Potentially lengthy I/O by kubelet during pod startup needs to be visible to the user

Question

Potentially lengthy I/O by kubelet during pod startup needs to be visible to the user

roy-work opened this issue 15 days ago · comments

What happened?

For example, we had a pod which had:

 securityContext:
   fsGroup: 1001
   runAsGroup: 1001
   runAsUser: 1001

This — unbeknownst to us for quite some time — led to the pod taking hours to start, with it being otherwise apparently stuck in Pending.

Now, in this particular example, the "root" cause is that the fsGroup there, combined with fsGroupChangePolicy: Always — which is the default, and unspecified by us here — causes the kubelet, prior to starting the pod's containers, to recursively chown the Pod's volumes to the GID in fsGroup. This is a potentially enormous piece of I/O, as in our case, where it took hours. (The volume in question had 2.1M files on it!)

What did you expect to happen?

A clear way to tell why a pod is not transitioning out of Pending in a timely manner. A simple event in the describe pod output for the pod would have done it.

How can we reproduce it (as minimally and precisely as possible)?

Have a volume w/ ~2M files, and an fsGroup.

Anything else we need to know?

The same thing goes for pod termination, too. For example, see this bug, which is full of people who cannot determine why a pod isn't capable of termination. Sadly, that bug was never addressed, and was dismissed with:

there are a lot of different issues being discussed in this thread. There are many possible reasons why a Pod could get stuck in terminating. We know this is a common issue with many possible root causes!

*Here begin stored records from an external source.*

theorem mainTheorem4:
  fixes N1 N2 :: nat
  assumes "N2 \<ge> 1"
  shows "symarr (DNA N1 N2) (int N1) = DCNA N1 N2
    \<and> card (DCNA N1 N2) = 2 * N1 + N2
    \<and> Max (DCNA N1 N2) = (int N1 + 1) * int N2 + int N1 - 1
    \<and> sumset (DCNA N1 N2) (DCNA N1 N2) = {0 .. 2 * Max (DCNA N1 N2)}
    \<and> diffset (DCNA N1 N2) (DCNA N1 N2) = {- Max (DCNA N1 N2) .. Max (DCNA N1 N2)}"
proof (intro conjI)
  let ?D = "DCNA N1 N2" and ?m = "Max (DCNA N1 N2)"
  have sym: "symarr (DNA N1 N2) (int N1) = ?D" by (rule symarr_DNA[OF assms])
  have bounded: "?D \<subseteq> {0..?m}"
    using symarr_subset_atLeastAtMost[OF finite_DNA[of N1 N2] DNA_nonneg, of "int N1"]
    by (simp add: sym Max_DCNA[OF assms])
  have diff: "diffset ?D ?D = {-?m..?m}"
    using bounded DCNA_differences[OF assms] by (rule diffset_self_eq_atLeastAtMost)
  have "reflect ?m ?D = ?D"
    using reflect_symarr[of "DNA N1 N2" "int N1"] by (simp add: sym Max_DCNA[OF assms])
  then have "sumset ?D ?D = shift {-?m..?m} ?m"
    by (simp add: sumset_self_eq_shift_diffset diff)
  then show "sumset ?D ?D = {0..2 * ?m}"
    by (simp add: shift_atLeastAtMost)
  show "diffset ?D ?D = {-?m..?m}" by (fact diff)
  show "symarr (DNA N1 N2) (int N1) = ?D" by (fact sym)
  show "card ?D = 2 * N1 + N2" by (rule card_DCNA[OF assms])
  show "?m = (int N1 + 1) * int N2 + int N1 - 1"
    by (simp add: Max_DCNA[OF assms] Max_DNA[OF assms])
qed

end
(* Let $R$ be a $\mathbb{C}$-algebra which is a noetherian UFD, let $r,s\in R$ be nonzero elements sharing no common non-unit factor, and let $A_{r,s}:=R[U,V]/(rU-sV-1)$ with $u,v$ the residue classes of $U,V$. Assume that $A_{r,s}$ is a UFD and that $ML(A_{r,s})=R$. Then $\operatorname{LND}(A_{r,s})=R\,E=\{aE: a\in R\}$, where $E$ is the $R$-derivation of $A_{r,s}$ determined by $E(u)=s$, $E(v)=r$.
   Context: A derivation $D$ of a ring $B$ is locally nilpotent if for every $b\in B$ there is $n$ with $D^n(b)=0$; $\operatorname{LND}(B)$ denotes the set of locally nilpotent $\mathbb{C}$-derivations of the $\mathbb{C}$-algebra $B$. The Makar-Limanov invariant $ML(B)$ is the intersection of the kernels of all $D\in\operatorname{LND}(B)$. The derivation $E$ (written $s\partial_u+r\partial_v$ in the paper) is well defined since $E(ru-sv-1)=rs-sr=0$. *)

theory Defs
  imports Complex_Main "HOL-Algebra.Algebra"
begin

definition complex_ring :: "complex ring" where
  "complex_ring = \<lparr>carrier = UNIV, monoid.mult = (*), one = 1, ring.zero = 0, ring.add = (+)\<rparr>"

text \<open>The bivariate polynomial ring R[U,V], realised as (R[U])[V].\<close>
abbreviation UP2 :: "('a, 'm) ring_scheme \<Rightarrow> (nat \<Rightarrow> 'a, nat \<Rightarrow> nat \<Rightarrow> 'a) up_ring" where
  "UP2 R \<equiv> UP (UP R)"

definition cst2 :: "('a, 'm) ring_scheme \<Rightarrow> 'a \<Rightarrow> nat \<Rightarrow> nat \<Rightarrow> 'a" where
  "cst2 R a = monom (UP2 R) (monom (UP R) a 0) 0"

definition Uvar :: "('a, 'm) ring_scheme \<Rightarrow> nat \<Rightarrow> nat \<Rightarrow> 'a" where
  "Uvar R = monom (UP2 R) (monom (UP R) \<one>\<^bsub>R\<^esub> 1) 0"

definition Vvar :: "('a, 'm) ring_scheme \<Rightarrow> nat \<Rightarrow> nat \<Rightarrow> 'a" where
  "Vvar R = monom (UP2 R) \<one>\<^bsub>UP R\<^esub> 1"

definition frs :: "('a, 'm) ring_scheme \<Rightarrow> 'a \<Rightarrow> 'a \<Rightarrow> nat \<Rightarrow> nat \<Rightarrow> 'a" where
  "frs R r s = (cst2 R r \<otimes>\<^bsub>UP2 R\<^esub> Uvar R) \<ominus>\<^bsub>UP2 R\<^esub> (cst2 R s \<otimes>\<^bsub>UP2 R\<^esub> Vvar R)
                \<ominus>\<^bsub>UP2 R\<^esub> \<one>\<^bsub>UP2 R\<^esub>"

definition Ars :: "('a, 'm) ring_scheme \<Rightarrow> 'a \<Rightarrow> 'a \<Rightarrow> (nat \<Rightarrow> nat \<Rightarrow> 'a) set ring" where
  "Ars R r s = (UP2 R) Quot (PIdl\<^bsub>UP2 R\<^esub> (frs R r s))"

definition resid :: "('a, 'm) ring_scheme \<Rightarrow> 'a \<Rightarrow> 'a \<Rightarrow> (nat \<Rightarrow> nat \<Rightarrow> 'a) \<Rightarrow> (nat \<Rightarrow> nat \<Rightarrow> 'a) set" where
  "resid R r s p = (PIdl\<^bsub>UP2 R\<^esub> (frs R r s)) +>\<^bsub>UP2 R\<^esub> p"

definition rho :: "('a, 'm) ring_scheme \<Rightarrow> 'a \<Rightarrow> 'a \<Rightarrow> 'a \<Rightarrow> (nat \<Rightarrow> nat \<Rightarrow> 'a) set" where
  "rho R r s a = resid R r s (cst2 R a)"

definition uel :: "('a, 'm) ring_scheme \<Rightarrow> 'a \<Rightarrow> 'a \<Rightarrow> (nat \<Rightarrow> nat \<Rightarrow> 'a) set" where
  "uel R r s = resid R r s (Uvar R)"

definition vel :: "('a, 'm) ring_scheme \<Rightarrow> 'a \<Rightarrow> 'a \<Rightarrow> (nat \<Rightarrow> nat \<Rightarrow> 'a) set" where
  "vel R r s = resid R r s (Vvar R)"

definition lin_derivation :: "('x, 'n) ring_scheme \<Rightarrow> 'c set \<Rightarrow> ('c \<Rightarrow> 'x) \<Rightarrow> ('x \<Rightarrow> 'x) \<Rightarrow> bool" where
  "lin_derivation A S emb D \<longleftrightarrow>
     D \<in> carrier A \<rightarrow> carrier A \<and>
     (\<forall>x\<in>carrier A. \<forall>y\<in>carrier A. D (x \<oplus>\<^bsub>A\<^esub> y) = D x \<oplus>\<^bsub>A\<^esub> D y) \<and>
     (\<forall>x\<in>carrier A. \<forall>y\<in>carrier A. D (x \<otimes>\<^bsub>A\<^esub> y) = (x \<otimes>\<^bsub>A\<^esub> D y) \<oplus>\<^bsub>A\<^esub> (D x \<otimes>\<^bsub>A\<^esub> y)) \<and>
     (\<forall>c\<in>S. \<forall>x\<in>carrier A. D (emb c \<otimes>\<^bsub>A\<^esub> x) = emb c \<otimes>\<^bsub>A\<^esub> D x)"

definition is_LND :: "('x, 'n) ring_scheme \<Rightarrow> (complex \<Rightarrow> 'x) \<Rightarrow> ('x \<Rightarrow> 'x) \<Rightarrow> bool" where
  "is_LND A cemb D \<longleftrightarrow> lin_derivation A (UNIV :: complex set) cemb D \<and>
     (\<forall>b\<in>carrier A. \<exists>n. (D ^^ n) b = \<zero>\<^bsub>A\<^esub>)"

definition makar_limanov :: "('x, 'n) ring_scheme \<Rightarrow> (complex \<Rightarrow> 'x) \<Rightarrow> 'x set" where
  "makar_limanov A cemb = {x \<in> carrier A. \<forall>D. is_LND A cemb D \<longrightarrow> D x = \<zero>\<^bsub>A\<^esub>}"

end

theory Submission
  imports Defs
begin

text \<open>
  Every R-derivation D of A = A_{r,s} satisfies D(v) E = r D: both sides are derivations
  vanishing on R, they agree on v, and on u because applying D to r u = 1 + s v gives
  r D(u) = s D(v). If D is locally nilpotent, iterating yields (D(v) E)^N v = r^N D^N v = 0
  for large N. As v is a local slice of E (E v = r, E^2 v = 0) and A has characteristic zero,
  comparing exact E-degrees forces E(D v) = 0. Every element z of ker E is killed by all
  locally nilpotent derivations D', since r D'(z) = D'(v) E(z) = 0; hence
  ker E \<subseteq> ML(A) = R. So D v = b and D u = c lie in R with r c = s b, coprimality gives
  b = a r, and cancelling r in r D = b E yields D = a E. Conversely a E is locally nilpotent
  because E is.
\<close>

section \<open>Polynomial induction, quotient maps and dual numbers\<close>

lemma (in ring) finsum_closed_under:
  assumes "finite F" "f \<in> F \<rightarrow> carrier R" "\<And>i. i \<in> F \<Longrightarrow> Q (f i)" "Q \<zero>"
    and "\<And>x y. x \<in> carrier R \<Longrightarrow> y \<in> carrier R \<Longrightarrow> Q x \<Longrightarrow> Q y \<Longrightarrow> Q (x \<oplus> y)"
  shows "Q (finsum R f F)"
  using assms(1-3)
proof (induction F rule: finite_induct)
  case empty then show ?case using assms(4) by simp
next
  case (insert x F) then show ?case using assms(5) by (simp add: Pi_def)
qed

lemma (in monoid) nat_pow_closed_under:
  assumes "x \<in> carrier G" "Q x" "Q \<one>"
    and "\<And>x y. x \<in> carrier G \<Longrightarrow> y \<in> carrier G \<Longrightarrow> Q x \<Longrightarrow> Q y \<Longrightarrow> Q (x \<otimes> y)"
  shows "Q (x [^] (n::nat))"
  by (induction n) (simp_all add: assms)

The same pod (large volume + fsGroup) is also failing to terminate cleanly; hence I stumbled into that bug. And similarly, there is no output in describe pod as to why the pod isn't making progress. Users of Kubernetes need to be able to tell what operations are pending against a pod that the kubelet is still working on, that prevent it from transitioning, e.g., to Terminated or to CreatingContainer, etc.

Cf. Azure/AKS#3865

Cf. Azure/AKS#3681

We didn't have someone who knew this particular facet of k8s by heart on hand, and thus spent years dealing with this. Azure's support spent years with this too, similarly making little to no progress. (Until that issues 3865 above finally cracked the case.) That is what makes a useful diagnostic all the more important: to clue the user in on this default behavior that is probably the right thing for most use cases, but not something the user ever asked for, and thus, not something they're going to guess.

Kubernetes version

$ kubectl version
# paste output here

Cloud provider

Azure (AKS), GCP (GKE)

OS version

GKE:

(We've since left Azure/AKS for this, mostly. But given that we have replicated the behavior on GKE, I'm pretty sure the linked bug is correct in that this is base k8s behavior, not specific to a vendor's implementation.)

# cat /etc/lsb-release
CHROMEOS_AUSERVER=https://tools.google.com/service/update2
CHROMEOS_BOARD_APPID={76E245CF-C0D0-444D-BA50-36739C18EB00}
CHROMEOS_CANARY_APPID={90F229CE-83E2-4FAF-8479-E368A34938B1}
CHROMEOS_DEVSERVER=
CHROMEOS_RELEASE_APPID={76E245CF-C0D0-444D-BA50-36739C18EB00}
CHROMEOS_RELEASE_BOARD=lakitu
CHROMEOS_RELEASE_BRANCH_NUMBER=66
CHROMEOS_RELEASE_BUILD_NUMBER=17800
CHROMEOS_RELEASE_BUILD_TYPE=Official Build
CHROMEOS_RELEASE_CHROME_MILESTONE=109
CHROMEOS_RELEASE_DESCRIPTION=17800.66.78 (Official Build) stable-channel lakitu
CHROMEOS_RELEASE_KEYSET=v10
CHROMEOS_RELEASE_NAME=Chrome OS
CHROMEOS_RELEASE_PATCH_NUMBER=78
CHROMEOS_RELEASE_TRACK=stable-channel
CHROMEOS_RELEASE_VERSION=17800.66.78
DEVICETYPE=OTHER
GOOGLE_RELEASE=17800.66.78
HWID_OVERRIDE=LAKITU DEFAULT

Install tools

Container runtime (CRI) and version (if applicable)

containerd://1.7.10

Related plugins (CNI, CSI, ...) and versions (if applicable)

Lubomir I. Ivanov commented 8 days ago

/sig node

Kubernetes Prow Robot · Answer 1 · Thu May 09 2024 05:59:48 GMT+0800 (China Standard Time)

This issue is currently awaiting triage.

If a SIG or subproject determines this is a relevant issue, they will accept it by applying the triage/accepted label and provide further guidance.

The triage/accepted label can be added by org members by writing /triage accepted in a comment.

Instructions for interacting with me using PR comments are available here. If you have questions or suggestions related to my behavior, please file an issue against the kubernetes-sigs/prow repository.